Try an occasional fast, as it gives the digestive system a rest and refreshes the senses, mind, and consciousness. According to the Ayurveda, fasting strengthens both will power and bodily health.

When breaking a fast, avoid eating lots of heavy foods as they can cause water retention, blood pressure fluctuations and toxin accumulation.

Eat moderately, as the stomach needs working space -- fill it half with food, a fourth with liquids and leave the rest for air.

When you feel the urge to snack on something, have a sugar-free chewing gum -- it can help to control the appetite, decrease cravings for snacks and reduce calorie intake, while helping to maintain alertness and energy levels through the afternoon.

Avoid eating fatty foods before a workout, as they are slow to digest and remain in the stomach for a long time. Fat content in the food will pull blood into the stomach because that aids in fat digestion. This can cause cramping and discomfort while working out.

Avoid eating too many types of food in a single meal, as conflicting foods like dairy products and citrus fruit may upset the digestion.

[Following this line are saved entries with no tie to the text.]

text \<open>Extensions over the faces with \<open>k + 1\<close> vertices that agree with \<open>\<Phi>\<close> on their boundaries
  glue, because every point lies in the relative interior of the face of its support.\<close>
lemma carried_map_glue:
  assumes \<Phi>: "carried_map m k P \<Phi>"
    and \<Psi>: "\<And>J. J \<subseteq> {..<m} \<Longrightarrow> card J = Suc k \<Longrightarrow>
      continuous_on (face m J) (\<Psi> J) \<and> \<Psi> J ` face m J \<subseteq> P J
      \<and> (\<forall>t\<in>face m J. (\<exists>i\<in>J. t i = 0) \<longrightarrow> \<Psi> J t = \<Phi> t)"
  shows "carried_map m (Suc k) P
    (\<lambda>t. if card (nonzero_coords t) = Suc k then \<Psi> (nonzero_coords t) t else \<Phi> t)"
proof -
  define \<Phi>' where "\<Phi>' = (\<lambda>t. if card (nonzero_coords t) = Suc k then \<Psi> (nonzero_coords t) t else \<Phi> t)"
  have "continuous_on (face m J) \<Phi>' \<and> \<Phi>' ` face m J \<subseteq> P J"
    if J: "J \<subseteq> {..<m}" "J \<noteq> {}" "card J \<le> Suc k" for J
  proof -
    have fin: "finite J"
      using J(1) by (rule finite_subset) simp
    have card_le: "card (nonzero_coords t) \<le> card J" if "t \<in> face m J" for t
      using fin nonzero_coords_subset_face[OF that] by (rule card_mono)
    consider "card J \<le> k" | "card J = Suc k" using J(3) by linarith
    then show ?thesis
    proof cases
      case 1
      have eq: "\<Phi> t = \<Phi>' t" if "t \<in> face m J" for t
        using card_le[OF that] 1 by (simp add: \<Phi>'_def)
      have "continuous_on (face m J) \<Phi> \<and> \<Phi> ` face m J \<subseteq> P J"
        using carried_mapD[OF \<Phi> J(1,2) 1] .
      then show ?thesis
        using continuous_on_eq[OF _ eq, of "face m J"] image_cong[OF refl eq, of "face m J"] by simp
    next
      case 2
      have eq: "\<Psi> J t = \<Phi>' t" if t: "t \<in> face m J" for t
      proof (cases "card (nonzero_coords t) = Suc k")
        case True
        then have "nonzero_coords t = J"
          using card_subset_eq[OF fin nonzero_coords_subset_face[OF t]] 2 by simp
        then show ?thesis using True by (simp add: \<Phi>'_def)
      next
        case False
        then have "nonzero_coords t \<noteq> J" using 2 by auto
        then obtain i where "i \<in> J" "i \<notin> nonzero_coords t"
          using nonzero_coords_subset_face[OF t] by blast
        then have "t i = 0"
          by (simp add: nonzero_coords_def)
        moreover have "(\<exists>i\<in>J. t i = 0) \<longrightarrow> \<Psi> J t = \<Phi> t"
          using conjunct2[OF conjunct2[OF \<Psi>[OF J(1) 2]]] t by (rule bspec)
        ultimately have "\<Psi> J t = \<Phi> t"
          using \<open>i \<in> J\<close> by blast
        then show ?thesis
          using False by (simp add: \<Phi>'_def)
      qed
      then show ?thesis
        using \<Psi>[OF J(1) 2] continuous_on_eq[OF _ eq, of "face m J"] image_cong[OF refl eq, of "face m J"]
        by simp
    qed
  qed
  then have "carried_map m (Suc k) P \<Phi>'"
    by (simp add: carried_map_def)
  then show ?thesis
    by (simp only: \<Phi>'_def)
qed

Vegetables should be lightly sauted (a method of cooking using small amount of fat in a shallow pan over high heat) to preserve nutrition.

Honey should not be cooked, as it slows digestion that way. The molecules become a non-homogenised glue that adheres to mucous membranes and clogs subtle channels, producing toxins. Adding honey to a cup of hot tea (not boiling) or salad dressing is acceptable.

Do not combine iron-rich foods with dairy products like paneer as that leads to nutrient loss. To increase your iron levels, have a lot of citrus fruit -- Vitamin C adds to the iron absorption.

Consuming too much red meat can lead to hypertension and heart problems hence should be had sparingly.

Non-vegetarians should avoid dairy products like cheese and paneer along with meat intake. Non-veg food is high in cholesterol, hence it's important to avoid other foods which can have an additive effect on one's cholesterol, like dairy products.

Choose brown rice instead of normal rice, it helps in weight loss.

Avoid starvation at all costs, as this signals your body to get into famine mode and it retains fat more effectively.

An all-protein diet with the exclusion of carbohydrates can mess up your digestive system, leading to kidney and liver disorders. Non-vegetarians should eat foods rich in enzymes such as papaya and pineapple to help in the digestion of proteins.

Instant acidity remedy: Try eating chilled banana, chilled sabudana (sago) pudding or chilled curd. If these foods are unavailable to you then drink lots of water and eventually the acidity will subside.

High blood pressure home remedy: Eat a clove of garlic each day.

If you are on a diet and feel like having a snack, eat an apple. If you aren't hungry enough to eat an apple, you aren't hungry enough for a snack.

Don't have fruit immediately after a meal. It will bloat your stomach with air. It is advisable to have fruits at least one hour before a meal.

Don't bathe immediately after a meal. Blood flow to your hands and legs increases, reducing the circulation around stomach and slowing down digestion.

Don't have tea immediately after a meal. Tea after a meal makes protein digestion difficult.

Do not substitute water with other fluids like coffee, soda, tea and juice. All these contain caffeine which is a known diuretic and will cause fluid loss. Also, the best time to drink water is 1.5 hours before and 1.5 hours after meals. Adjusting water intake to meal-times prevents the blood from becoming concentrated. Concentrated blood draws water from the cells around it.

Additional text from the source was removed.